### Required action
Beginning with the first line of the data below, set down each line exactly through the line that contains "using supp frac_point_tight by blast".

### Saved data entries
========================
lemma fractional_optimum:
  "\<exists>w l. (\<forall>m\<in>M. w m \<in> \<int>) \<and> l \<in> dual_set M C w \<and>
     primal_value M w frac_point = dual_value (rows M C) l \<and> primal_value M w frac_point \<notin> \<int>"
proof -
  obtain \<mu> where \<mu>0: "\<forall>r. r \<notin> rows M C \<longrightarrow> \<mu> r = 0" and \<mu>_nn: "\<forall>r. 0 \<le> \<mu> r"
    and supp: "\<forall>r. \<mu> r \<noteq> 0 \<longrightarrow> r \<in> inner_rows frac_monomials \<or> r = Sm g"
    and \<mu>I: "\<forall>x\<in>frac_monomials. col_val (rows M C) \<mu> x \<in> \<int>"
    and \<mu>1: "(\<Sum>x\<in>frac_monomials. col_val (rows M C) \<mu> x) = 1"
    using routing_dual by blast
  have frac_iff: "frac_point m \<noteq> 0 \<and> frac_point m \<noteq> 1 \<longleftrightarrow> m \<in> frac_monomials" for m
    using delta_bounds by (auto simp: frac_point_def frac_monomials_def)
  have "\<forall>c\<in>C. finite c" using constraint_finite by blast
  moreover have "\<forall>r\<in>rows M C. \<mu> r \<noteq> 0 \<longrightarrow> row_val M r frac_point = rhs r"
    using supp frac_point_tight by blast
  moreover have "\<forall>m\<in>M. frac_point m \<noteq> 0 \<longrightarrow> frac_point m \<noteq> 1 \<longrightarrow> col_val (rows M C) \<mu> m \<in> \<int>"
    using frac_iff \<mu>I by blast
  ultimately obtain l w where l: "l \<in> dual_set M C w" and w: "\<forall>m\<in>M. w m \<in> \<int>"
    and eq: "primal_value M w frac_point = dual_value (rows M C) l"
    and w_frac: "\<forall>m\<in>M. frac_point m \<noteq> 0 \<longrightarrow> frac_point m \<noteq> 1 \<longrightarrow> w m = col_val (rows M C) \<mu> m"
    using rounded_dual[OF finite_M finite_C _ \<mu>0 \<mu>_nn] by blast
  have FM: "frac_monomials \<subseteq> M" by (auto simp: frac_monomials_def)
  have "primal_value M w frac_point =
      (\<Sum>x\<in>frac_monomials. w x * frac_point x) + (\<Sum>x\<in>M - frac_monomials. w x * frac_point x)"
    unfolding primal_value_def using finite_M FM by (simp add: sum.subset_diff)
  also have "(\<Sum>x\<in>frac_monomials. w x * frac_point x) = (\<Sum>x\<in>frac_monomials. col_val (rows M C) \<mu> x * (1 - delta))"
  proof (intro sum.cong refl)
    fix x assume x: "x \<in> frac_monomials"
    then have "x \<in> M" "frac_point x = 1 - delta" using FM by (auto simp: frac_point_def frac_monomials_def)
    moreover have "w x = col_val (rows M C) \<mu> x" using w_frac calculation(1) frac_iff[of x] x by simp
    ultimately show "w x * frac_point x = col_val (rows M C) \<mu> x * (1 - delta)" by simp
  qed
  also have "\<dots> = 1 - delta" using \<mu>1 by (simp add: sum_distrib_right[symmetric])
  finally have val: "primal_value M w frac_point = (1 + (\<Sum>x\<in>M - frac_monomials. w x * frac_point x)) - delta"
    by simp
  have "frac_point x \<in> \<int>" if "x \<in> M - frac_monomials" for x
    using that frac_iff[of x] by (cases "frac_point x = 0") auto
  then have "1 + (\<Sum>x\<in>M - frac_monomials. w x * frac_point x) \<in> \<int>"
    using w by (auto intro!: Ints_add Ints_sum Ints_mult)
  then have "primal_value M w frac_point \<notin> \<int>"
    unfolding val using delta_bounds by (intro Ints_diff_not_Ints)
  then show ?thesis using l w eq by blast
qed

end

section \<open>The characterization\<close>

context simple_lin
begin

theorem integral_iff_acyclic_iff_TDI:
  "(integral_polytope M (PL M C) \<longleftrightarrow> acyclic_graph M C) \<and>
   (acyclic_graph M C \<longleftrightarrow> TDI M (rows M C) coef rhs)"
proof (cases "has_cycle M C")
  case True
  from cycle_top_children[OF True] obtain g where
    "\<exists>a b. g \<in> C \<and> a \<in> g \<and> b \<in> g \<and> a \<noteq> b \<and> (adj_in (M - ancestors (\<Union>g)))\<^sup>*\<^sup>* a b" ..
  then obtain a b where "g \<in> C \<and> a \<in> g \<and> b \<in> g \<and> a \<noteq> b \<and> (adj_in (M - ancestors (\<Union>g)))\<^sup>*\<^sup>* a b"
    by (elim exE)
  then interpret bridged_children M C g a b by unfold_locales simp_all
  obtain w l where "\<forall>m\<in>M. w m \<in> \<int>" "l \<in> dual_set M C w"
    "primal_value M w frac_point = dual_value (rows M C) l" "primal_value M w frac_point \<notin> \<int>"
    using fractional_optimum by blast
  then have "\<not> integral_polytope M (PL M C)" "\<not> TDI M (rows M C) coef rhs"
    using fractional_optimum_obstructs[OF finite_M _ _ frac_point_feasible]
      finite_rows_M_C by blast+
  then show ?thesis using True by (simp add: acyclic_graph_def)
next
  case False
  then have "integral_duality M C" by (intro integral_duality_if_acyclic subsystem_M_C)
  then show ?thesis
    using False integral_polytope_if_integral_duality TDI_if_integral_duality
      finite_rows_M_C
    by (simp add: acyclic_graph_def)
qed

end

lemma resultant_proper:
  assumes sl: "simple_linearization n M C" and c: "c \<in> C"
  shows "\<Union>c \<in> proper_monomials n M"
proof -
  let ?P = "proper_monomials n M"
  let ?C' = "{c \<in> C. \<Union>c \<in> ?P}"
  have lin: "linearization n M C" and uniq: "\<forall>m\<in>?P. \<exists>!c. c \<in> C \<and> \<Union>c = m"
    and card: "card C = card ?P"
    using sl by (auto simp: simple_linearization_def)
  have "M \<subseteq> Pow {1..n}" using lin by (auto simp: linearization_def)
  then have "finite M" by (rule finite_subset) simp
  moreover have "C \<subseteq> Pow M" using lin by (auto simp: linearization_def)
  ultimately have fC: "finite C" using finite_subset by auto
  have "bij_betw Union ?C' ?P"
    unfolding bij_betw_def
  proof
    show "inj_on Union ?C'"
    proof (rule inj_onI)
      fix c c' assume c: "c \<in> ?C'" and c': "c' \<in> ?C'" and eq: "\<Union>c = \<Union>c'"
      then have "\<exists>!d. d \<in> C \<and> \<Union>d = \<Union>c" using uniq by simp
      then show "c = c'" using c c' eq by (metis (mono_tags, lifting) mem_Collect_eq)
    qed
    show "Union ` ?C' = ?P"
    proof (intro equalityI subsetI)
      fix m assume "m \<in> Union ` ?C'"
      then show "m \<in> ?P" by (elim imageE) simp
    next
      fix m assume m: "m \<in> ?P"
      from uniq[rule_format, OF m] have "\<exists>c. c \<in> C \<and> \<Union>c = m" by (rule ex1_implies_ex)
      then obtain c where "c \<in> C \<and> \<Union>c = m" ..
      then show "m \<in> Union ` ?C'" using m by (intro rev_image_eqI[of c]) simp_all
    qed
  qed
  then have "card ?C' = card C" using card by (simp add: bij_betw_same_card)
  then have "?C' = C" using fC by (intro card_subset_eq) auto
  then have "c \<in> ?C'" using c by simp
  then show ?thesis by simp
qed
========================
### Answer section
lemma fractional_optimum:
  "\<exists>w l. (\<forall>m\<in>M. w m \<in> \<int>) \<and> l \<in> dual_set M C w \<and>
     primal_value M w frac_point = dual_value (rows M C) l \<and> primal_value M w frac_point \<notin> \<int>"
proof -
  obtain \<mu> where \<mu>0: "\<forall>r. r \<notin> rows M C \<longrightarrow> \<mu> r = 0" and \<mu>_nn: "\<forall>r. 0 \<le> \<mu> r"
    and supp: "\<forall>r. \<mu> r \<noteq> 0 \<longrightarrow> r \<in> inner_rows frac_monomials \<or> r = Sm g"
    and \<mu>I: "\<forall>x\<in>frac_monomials. col_val (rows M C) \<mu> x \<in> \<int>"
    and \<mu>1: "(\<Sum>x\<in>frac_monomials. col_val (rows M C) \<mu> x) = 1"
    using routing_dual by blast
  have frac_iff: "frac_point m \<noteq> 0 \<and> frac_point m \<noteq> 1 \<longleftrightarrow> m \<in> frac_monomials" for m
    using delta_bounds by (auto simp: frac_point_def frac_monomials_def)
  have "\<forall>c\<in>C. finite c" using constraint_finite by blast
  moreover have "\<forall>r\<in>rows M C. \<mu> r \<noteq> 0 \<longrightarrow> row_val M r frac_point = rhs r"
    using supp frac_point_tight by blast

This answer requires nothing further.